BEGIN Exercise data

(* Let $D$ be the contamination divergence and $\eta\in(0,1)$. Suppose the cumulative distribution function $F$ of the reference belief $P$ is absolutely continuous with density $f>0$ on $\Theta$, and that $\theta\mapsto\theta-\frac{1-F(\theta)}{f(\theta)}$ is strictly increasing. Let $r^*:=\sup\{\theta:\theta-\frac{1-F(\theta)}{f(\theta)}\le0\}$ and define $x^*_i(\theta,\theta')=1$ if $\theta>\theta'$ and $\theta\ge r^*$; $=1/2$ if $\theta=\theta'$ and $\theta\ge r^*$; $=0$ otherwise. Then $x^*$ solves the Optimal Allocation Problem (A): $$\sup_x\Big\{\sum_{i=1}^2\int_\Theta\Big[\theta X_i(\theta)-\int_{\underline\theta}^{\theta}X_i(z)\,dz\Big]dP(\theta):\ x\text{ is an allocation rule satisfying Assumption X}\Big\}.$$
   Context: $\Theta=[\underline\theta,\bar\theta]$ with $0<\underline\theta<\bar\theta$, Borel $\sigma$-algebra $\mathcal{B}$; $P\in\Delta(\Theta,\mathcal{B})$ is atomless; $\Delta(\Theta,\mathcal{B})$ denotes the probability measures on $(\Theta,\mathcal{B})$. The contamination divergence: $D(Q\|P)=\operatorname{ess\,sup}_P(1-\frac{dQ}{dP})$ if $Q\ll P$, and $+\infty$ otherwise. Two bidders $i\in\{1,2\}$. An allocation rule is a bounded measurable $x=(x_1,x_2):\Theta^2\to\mathbb{R}^2$ with $x_1(\theta,\theta')\ge0$, $x_2(\theta',\theta)\ge0$, $x_1(\theta,\theta')+x_2(\theta',\theta)\le1$ for all $\theta,\theta'$. $X_i(\theta)=\int x_i(\theta,\theta')dP(\theta')$ and $X_i^{\min}(\theta)=\inf\{\int x_i(\theta,\theta')dQ(\theta'):Q\in\Delta(\Theta,\mathcal{B}),D(Q\|P)\le\eta\}$. Assumption X: (i) $x_i(\theta,\theta')\in\{0,1\}$ for $\theta'\ne\theta$; (ii) $X_i(\theta)=1$ implies $\theta=\bar\theta$; (iii) $X_i^{\min}$ is non-decreasing. *)

theory Defs
  imports "HOL-Probability.Probability"
begin

text \<open>Type space Theta = [a, b]; the reference belief P is a probability measure
  on the Borel sets of [a, b]. Bidders are indexed by 1 and 2; an allocation rule is
  x :: nat => real => real => real, where x i t t' is bidder i's allocation when
  bidder i has type t and the opponent has type t'.\<close>

definition atomless :: "'a measure \<Rightarrow> bool" where
  "atomless M \<longleftrightarrow> (\<forall>A\<in>sets M. 0 < measure M A \<longrightarrow>
      (\<exists>B\<in>sets M. B \<subseteq> A \<and> 0 < measure M B \<and> measure M B < measure M A))"

definition contamination_div :: "'a measure \<Rightarrow> 'a measure \<Rightarrow> ereal" where
  "contamination_div Q P =
     (if absolutely_continuous P Q
      then esssup P (\<lambda>t. ereal 1 - enn2ereal (RN_deriv P Q t))
      else \<infinity>)"

definition allocation_rule :: "real \<Rightarrow> real \<Rightarrow> (nat \<Rightarrow> real \<Rightarrow> real \<Rightarrow> real) \<Rightarrow> bool" where
  "allocation_rule a b x \<longleftrightarrow>
     (\<forall>i\<in>{1,2::nat}.
        (\<lambda>(t, t'). x i t t') \<in> borel_measurable
            (restrict_space borel {a..b} \<Otimes>\<^sub>M restrict_space borel {a..b})
      \<and> (\<exists>B. \<forall>t\<in>{a..b}. \<forall>t'\<in>{a..b}. \<bar>x i t t'\<bar> \<le> B))
   \<and> (\<forall>t\<in>{a..b}. \<forall>t'\<in>{a..b}.
        0 \<le> x 1 t t' \<and> 0 \<le> x 2 t' t \<and> x 1 t t' + x 2 t' t \<le> 1)"

definition interim :: "real measure \<Rightarrow> (nat \<Rightarrow> real \<Rightarrow> real \<Rightarrow> real) \<Rightarrow> nat \<Rightarrow> real \<Rightarrow> real" where
  "interim P x i t = (\<integral>t'. x i t t' \<partial>P)"

definition interim_min :: "real measure \<Rightarrow> real \<Rightarrow> (nat \<Rightarrow> real \<Rightarrow> real \<Rightarrow> real) \<Rightarrow> nat \<Rightarrow> real \<Rightarrow> real" where
  "interim_min P \<eta> x i t =
     Inf {(\<integral>t'. x i t t' \<partial>Q) | Q. sets Q = sets P \<and> prob_space Q
                                  \<and> contamination_div Q P \<le> ereal \<eta>}"

definition assumption_X :: "real \<Rightarrow> real \<Rightarrow> real measure \<Rightarrow> real \<Rightarrow> (nat \<Rightarrow> real \<Rightarrow> real \<Rightarrow> real) \<Rightarrow> bool" where
  "assumption_X a b P \<eta> x \<longleftrightarrow>
     (\<forall>i\<in>{1,2::nat}.
        (\<forall>t\<in>{a..b}. \<forall>t'\<in>{a..b}. t' \<noteq> t \<longrightarrow> x i t t' \<in> {0, 1})
      \<and> (\<forall>t\<in>{a..b}. interim P x i t = 1 \<longrightarrow> t = b)
      \<and> mono_on {a..b} (interim_min P \<eta> x i))"

definition revenue :: "real \<Rightarrow> real measure \<Rightarrow> (nat \<Rightarrow> real \<Rightarrow> real \<Rightarrow> real) \<Rightarrow> real" where
  "revenue a P x =
     (\<Sum>i\<in>{1,2::nat}. \<integral>t. (t * interim P x i t
                              - (LINT z:{a..t}|lborel. interim P x i z)) \<partial>P)"

definition virtual_value :: "(real \<Rightarrow> real) \<Rightarrow> (real \<Rightarrow> real) \<Rightarrow> real \<Rightarrow> real" where
  "virtual_value F f t = t - (1 - F t) / f t"

text \<open>r* = sup {t in Theta : virtual value <= 0}; the point a is added so that
  the empty set yields r* = a (equivalent to the convention sup {} = -infinity here).\<close>
definition reserve :: "real \<Rightarrow> real \<Rightarrow> (real \<Rightarrow> real) \<Rightarrow> (real \<Rightarrow> real) \<Rightarrow> real" where
  "reserve a b F f = Sup ({a} \<union> {t\<in>{a..b}. virtual_value F f t \<le> 0})"

definition x_star :: "real \<Rightarrow> nat \<Rightarrow> real \<Rightarrow> real \<Rightarrow> real" where
  "x_star r i t t' =
     (if t > t' \<and> t \<ge> r then 1 else if t = t' \<and> t \<ge> r then 1/2 else 0)"

end

theory Submission
  imports Defs
begin

text \<open>Myerson's argument. By Fubini, the expected payment of a bidder with interim allocation X,
  \<open>\<integral> (\<theta> X(\<theta>) - \<integral>\<^sub>a\<^sup>\<theta> X) dP\<close>, equals \<open>\<integral> X \<phi> dP\<close> for the virtual value
  \<open>\<phi>(\<theta>) = \<theta> - (1 - F(\<theta>)) / f(\<theta>)\<close>. Hence the revenue of an allocation rule x is the
  \<open>P \<otimes> P\<close>-integral of \<open>x\<^sub>1(\<theta>,\<theta>') \<phi>(\<theta>) + x\<^sub>2(\<theta>',\<theta>) \<phi>(\<theta>')\<close>, which is pointwise at most
  \<open>max 0 (max (\<phi> \<theta>) (\<phi> \<theta>'))\<close> because \<open>x\<^sub>1 + x\<^sub>2 \<le> 1\<close>. Since \<open>\<phi>\<close> is strictly increasing
  and changes sign at the reserve r*, the rule x* attains this bound off ties and off
  \<open>{\<theta> = r*}\<close>, which are null because P is atomless. The bound holds for every allocation
  rule, so Assumption X is only needed to check that x* itself is admissible.\<close>

lemma atomless_measure_singleton:
  assumes "atomless M"
  shows "measure M {x} = 0"
proof (rule ccontr)
  assume "measure M {x} \<noteq> 0"
  then have "{x} \<in> sets M" and "0 < measure M {x}"
    using measure_notin_sets[of "{x}" M] measure_nonneg[of M "{x}"] by (auto simp: less_le)
  then obtain B where "B \<subseteq> {x}" "0 < measure M B" "measure M B < measure M {x}"
    using assms unfolding atomless_def by blast
  then show False
    by (cases "B = {}") (auto dest: subset_singletonD)
qed

lemma not_null_sets_density:
  assumes [measurable]: "g \<in> borel_measurable M" "A \<in> sets M"
    and "A \<notin> null_sets M" "\<forall>x\<in>A. 0 < g x"
  shows "A \<notin> null_sets (density M g)"
proof
  assume "A \<in> null_sets (density M g)"
  then have "AE x in M. x \<in> A \<longrightarrow> g x = 0"
    by (simp add: null_sets_density_iff)
  then have "AE x in M. x \<notin> A"
    by (rule AE_mp) (use assms(4) in \<open>auto intro!: AE_I2\<close>)
  then show False
    using assms(3) AE_iff_null_sets[of A M] by simp
qed

lemma integral_bounded_kernel:
  fixes k :: "'a \<Rightarrow> 'b \<Rightarrow> real"
  assumes "prob_space N"
    and [measurable]: "case_prod k \<in> borel_measurable (M \<Otimes>\<^sub>M N)"
    and bound: "\<forall>t\<in>space M. \<forall>s\<in>space N. \<bar>k t s\<bar> \<le> B"
  shows "(\<lambda>t. \<integral>s. k t s \<partial>N) \<in> borel_measurable M"
    and "\<forall>t\<in>space M. \<bar>\<integral>s. k t s \<partial>N\<bar> \<le> B"
proof -
  interpret N: prob_space N by fact
  show "(\<lambda>t. \<integral>s. k t s \<partial>N) \<in> borel_measurable M"
    by (rule N.borel_measurable_lebesgue_integral) simp
  show "\<forall>t\<in>space M. \<bar>\<integral>s. k t s \<partial>N\<bar> \<le> B"
  proof
    fix t assume t: "t \<in> space M"
    have "integrable N (k t)"
      using bound t by (intro N.integrable_const_bound[where B=B]) auto
    moreover have "AE s in N. k t s \<le> B" "AE s in N. -B \<le> k t s"
      using bound t by (force intro!: AE_I2 simp: abs_le_iff)+
    ultimately have "(\<integral>s. k t s \<partial>N) \<le> B" "-B \<le> (\<integral>s. k t s \<partial>N)"
      by (simp_all add: N.integral_le_const N.integral_ge_const)
    then show "\<bar>\<integral>s. k t s \<partial>N\<bar> \<le> B"
      by linarith
  qed
qed

lemma (in prob_space) integral_kernel_times:
  fixes k :: "'a \<Rightarrow> 'b \<Rightarrow> real" and h :: "'a \<Rightarrow> real"
  assumes "prob_space N"
    and [measurable]: "case_prod k \<in> borel_measurable (M \<Otimes>\<^sub>M N)"
    and bound: "\<forall>t\<in>space M. \<forall>s\<in>space N. \<bar>k t s\<bar> \<le> B"
    and h: "integrable M h"
  shows "integrable (M \<Otimes>\<^sub>M N) (\<lambda>(t, s). k t s * h t)"
    and "(\<integral>t. (\<integral>s. k t s \<partial>N) * h t \<partial>M) = (\<integral>(t, s). k t s * h t \<partial>(M \<Otimes>\<^sub>M N))"
proof -
  interpret N: prob_space N by fact
  interpret MN: pair_prob_space M N ..
  have [measurable]: "h \<in> borel_measurable M"
    using h by (rule borel_measurable_integrable)
  have bound': "\<bar>k t s\<bar> \<le> \<bar>B\<bar>" if "t \<in> space M" "s \<in> space N" for t s
    using bound that by fastforce
  show int: "integrable (M \<Otimes>\<^sub>M N) (\<lambda>(t, s). k t s * h t)"
  proof (rule Bochner_Integration.integrable_bound)
    show "integrable (M \<Otimes>\<^sub>M N) (\<lambda>(t, s). \<bar>B\<bar> * \<bar>h t\<bar>)"
      using h by (intro MN.Fubini_integrable) (auto simp: split_beta')
    show "AE w in M \<Otimes>\<^sub>M N.
        norm ((\<lambda>(t, s). k t s * h t) w) \<le> norm ((\<lambda>(t, s). \<bar>B\<bar> * \<bar>h t\<bar>) w)"
      by (intro AE_I2) (auto simp: space_pair_measure abs_mult intro!: mult_right_mono bound')
  qed simp
  have "(\<integral>t. (\<integral>s. k t s \<partial>N) * h t \<partial>M) = (\<integral>t. \<integral>s. k t s * h t \<partial>N \<partial>M)"
    by simp
  also have "\<dots> = (\<integral>(t, s). k t s * h t \<partial>(M \<Otimes>\<^sub>M N))"
    using MN.integral_fst'[OF int] by simp
  finally show "(\<integral>t. (\<integral>s. k t s \<partial>N) * h t \<partial>M) = (\<integral>(t, s). k t s * h t \<partial>(M \<Otimes>\<^sub>M N))" .
qed

lemma convex_combination_le_max:
  fixes p q u v :: real
  assumes "0 \<le> p" "0 \<le> q" "p + q \<le> 1"
  shows "p * u + q * v \<le> max 0 (max u v)"
proof -
  define m where "m = max 0 (max u v)"
  have "p * u + q * v \<le> p * m + q * m"
    using assms by (intro add_mono mult_left_mono) (auto simp: m_def)
  also have "\<dots> \<le> m"
    using assms mult_right_mono[of "p + q" 1 m] by (simp add: m_def algebra_simps)
  finally show ?thesis unfolding m_def .
qed
(* Let $n\ge 1$, $r\ge 1$, $0\le p_0,\ldots,p_{r-1}\le n-1$, and put $p_r=-1$. The LOG group of $\Gamma(n;a_{n-p_0}a_{n-p_1}\cdots a_{n-p_{r-1}})$ has the presentation \[\Big\langle a,c\ \Big|\ \Big(\prod_{i=0}^{r-1}ac^{p_{i+1}-p_i}\Big)^{-1}c\Big(\prod_{i=0}^{r-1}ac^{p_{i+1}-p_i}\Big)a^{-1},\ [a,c^n]\Big\rangle\] and is isomorphic to the natural HNN extension $\widehat{G}_n(w)$ of the cyclically presented group $G_n(w)$ with \[w=(x_{p_0}x_{p_1+1}\cdots x_{p_{r-1}+(r-1)}x_{p_r+r})(x_{p_0+1}x_{p_1+2}\cdots x_{p_{r-1}+r})^{-1}\] (subscripts mod $n$).
   Context: The LOG $\Gamma(n;v)$ for a word $v=a_{n-p_0}^{\delta_0}\cdots a_{n-p_{r-1}}^{\delta_{r-1}}$ (here all $\delta_j=1$) has LOG presentation \[\langle a_1,\ldots,a_n,t_0,\ldots,t_{r-1}\mid a_{i+1}=t_0^{-1}a_it_0\ (1\le i\le n,\ a_{n+1}=a_1),\ t_{j+1}=a_{n-p_j}^{-\delta_j}t_j a_{n-p_j}^{\delta_j}\ (0\le j\le r-1,\ t_r=a_1)\rangle;\] the group it defines is the LOG group. For $w\in F_n=F(x_1,\ldots,x_n)$, $G_n(w)=\langle x_1,\ldots,x_n\mid w,\theta(w),\ldots,\theta^{n-1}(w)\rangle$ where $\theta(x_i)=x_{i+1}$ (subscripts mod $n$), and the natural HNN extension is $\widehat{G}_n(w)=G_n(w)\rtimes_\phi\mathbb{Z}$ where $\phi$ is the automorphism induced by $\theta$. *)

theory Defs
  imports "HOL-Algebra.Group"
begin

text \<open>A word over generators of type 'a is a list of letters (x, True) = x and
  (x, False) = x^-1.\<close>

type_synonym 'a word = "('a \<times> bool) list"

definition words :: "'a set \<Rightarrow> 'a word set" where
  "words X = {w. set w \<subseteq> X \<times> UNIV}"

definition winv :: "'a word \<Rightarrow> 'a word" where
  "winv w = rev (map (\<lambda>(x, b). (x, \<not> b)) w)"

definition gen :: "'a \<Rightarrow> 'a word" where
  "gen x = [(x, True)]"

definition genpow :: "'a \<Rightarrow> int \<Rightarrow> 'a word" where
  "genpow x k = (if 0 \<le> k then replicate (nat k) (x, True) else replicate (nat (- k)) (x, False))"

definition releq :: "'a word \<Rightarrow> 'a word \<Rightarrow> 'a word" where
  "releq l r = l @ winv r"

inductive_set pres_rel :: "'a set \<Rightarrow> 'a word set \<Rightarrow> ('a word \<times> 'a word) set"
  for X R where
  prefl: "w \<in> words X \<Longrightarrow> (w, w) \<in> pres_rel X R"
| psym: "(u, v) \<in> pres_rel X R \<Longrightarrow> (v, u) \<in> pres_rel X R"
| ptrans: "(u, v) \<in> pres_rel X R \<Longrightarrow> (v, w) \<in> pres_rel X R \<Longrightarrow> (u, w) \<in> pres_rel X R"
| pfree: "u \<in> words X \<Longrightarrow> v \<in> words X \<Longrightarrow> x \<in> X \<Longrightarrow>
     (u @ [(x, b), (x, \<not> b)] @ v, u @ v) \<in> pres_rel X R"
| prel: "u \<in> words X \<Longrightarrow> v \<in> words X \<Longrightarrow> r \<in> R \<Longrightarrow> r \<in> words X \<Longrightarrow>
     (u @ r @ v, u @ v) \<in> pres_rel X R"

definition pres_group :: "'a set \<Rightarrow> 'a word set \<Rightarrow> 'a word set monoid" where
  "pres_group X R =
     \<lparr> carrier = words X // pres_rel X R,
       mult = (\<lambda>A B. \<Union>a\<in>A. \<Union>b\<in>B. pres_rel X R `` {a @ b}),
       one = pres_rel X R `` {[]} \<rparr>"

section \<open>The LOG group of Gamma(n; a_{n-p_0} ... a_{n-p_{r-1}}) (all delta_j = 1)\<close>

text \<open>Generators: Inl i is a_i (1 <= i <= n), Inr j is t_j (0 <= j <= r-1).
  The word v is given by the list ps = [p_0, ..., p_{r-1}].\<close>

definition LOG_gens :: "nat \<Rightarrow> nat list \<Rightarrow> (nat + nat) set" where
  "LOG_gens n ps = Inl ` {1..n} \<union> Inr ` {..<length ps}"
(* Every point of the unit ball is either auto-labeled in some round i <= k or satisfies
   |<w_j, x>| < t_j for all j <= k, in particular for the round m with the smallest threshold.
   So the auto-labeled mass is at least 1 minus the mass of the slab |<w_m, x>| < t_m.
   Rotating w_m onto a coordinate axis and integrating out that coordinate bounds the volume
   of the slab by 2 t_m vol(B^(d-1)), and log-convexity of Gamma gives
   2 vol(B^(d-1)) <= sqrt(4d/pi) vol(B^d). *)

theory Submission
  imports Defs
begin

(* The library proves rotation invariance of Lebesgue measure (measure_orthogonal_image) only
   for well-ordered index types; this ordered copy of a finite index type transfers it. *)
typedef ('a::finite) ranked = "UNIV :: 'a set" by simp

definition rank :: "'a::finite ranked \<Rightarrow> nat" where
  "rank x = to_nat_on UNIV (Rep_ranked x)"

lemma inj_rank: "inj rank"
  unfolding rank_def inj_def
  by (metis Rep_ranked_inject countable_finite finite inj_on_to_nat_on injD)

instantiation ranked :: (finite) linorder
begin

definition less_eq_ranked :: "'a ranked \<Rightarrow> 'a ranked \<Rightarrow> bool" where
  "x \<le> y \<longleftrightarrow> rank x \<le> rank y"

definition less_ranked :: "'a ranked \<Rightarrow> 'a ranked \<Rightarrow> bool" where
  "x < y \<longleftrightarrow> rank x < rank y"

instance
  by standard (auto simp: less_eq_ranked_def less_ranked_def dest: injD[OF inj_rank])

end

instance ranked :: (finite) wellorder
proof (rule wf_wellorderI)
  show "wf {(x :: 'a ranked, y). x < y}"
    using wf_inv_image[OF wf_less, of rank] by (simp add: inv_image_def less_ranked_def)
qed intro_classes

instance ranked :: (finite) finite
proof
  have "UNIV = range (Abs_ranked :: 'a \<Rightarrow> 'a ranked)"
    by (metis Rep_ranked_inverse surj_def)
  then show "finite (UNIV :: 'a ranked set)"
    by (metis finite finite_imageI)
qed
(* Let $\omega$ and $\omega'$ be two nonsingular Sturmian words (not necessarily of the same slope, i.e. not necessarily with the same set of factors). Then for every nonempty prefix $u$ of $\omega$ and every nonempty prefix $u'$ of $\omega'$, the set $\omega|_u\cap\omega'|_{u'}$ is an IP$^*$-set (respectively, a central$^*$ set); in particular it is infinite.
   Context: A Sturmian word is an infinite word over $\{0,1\}$ having exactly $k+1$ distinct factors of length $k$ for every $k\ge0$. With $T$ the shift and $\Omega$ the shift-orbit closure of a Sturmian word $\omega$, the characteristic word $\tilde\omega$ is the unique element of $\Omega$ all of whose prefixes $v$ are left special ($0v$, $1v$ both factors of $\omega$); $\omega$ is nonsingular if $T^n(\omega)\ne\tilde\omega$ for all $n\ge1$. $\omega|_u=\{n\in\mathbb N:\omega_n\cdots\omega_{n+|u|-1}=u\}$. A set $A\subseteq\mathbb N$ is an IP-set if there is $x_0<x_1<\cdots$ in $\mathbb N$ with $\sum_{n\in F}x_n\in A$ for all nonempty finite $F$; IP$^*$ if it meets every IP-set. $\beta\mathbb N$ is the set of ultrafilters on $\mathbb N$ with addition $A\in p+q$ iff $\{n:A-n\in p\}\in q$; a minimal idempotent is a non-principal $p=p+p$ in the smallest two-sided ideal of $\beta\mathbb N$; central sets are members of some minimal idempotent, and central$^*$ sets are sets belonging to every minimal idempotent. *)

theory Defs
  imports Main
begin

END Exercise data

■ What this task involves
Out of the data above, give again only the lines starting at the one holding "< y \<longleftrightarrow>" and ending at the one holding "ranked, y). x", unchanged.

■ Output of the exercise
  "x < y \<longleftrightarrow> rank x < rank y"

instance
  by standard (auto simp: less_eq_ranked_def less_ranked_def dest: injD[OF inj_rank])

end

instance ranked :: (finite) wellorder
proof (rule wf_wellorderI)
  show "wf {(x :: 'a ranked, y). x < y}"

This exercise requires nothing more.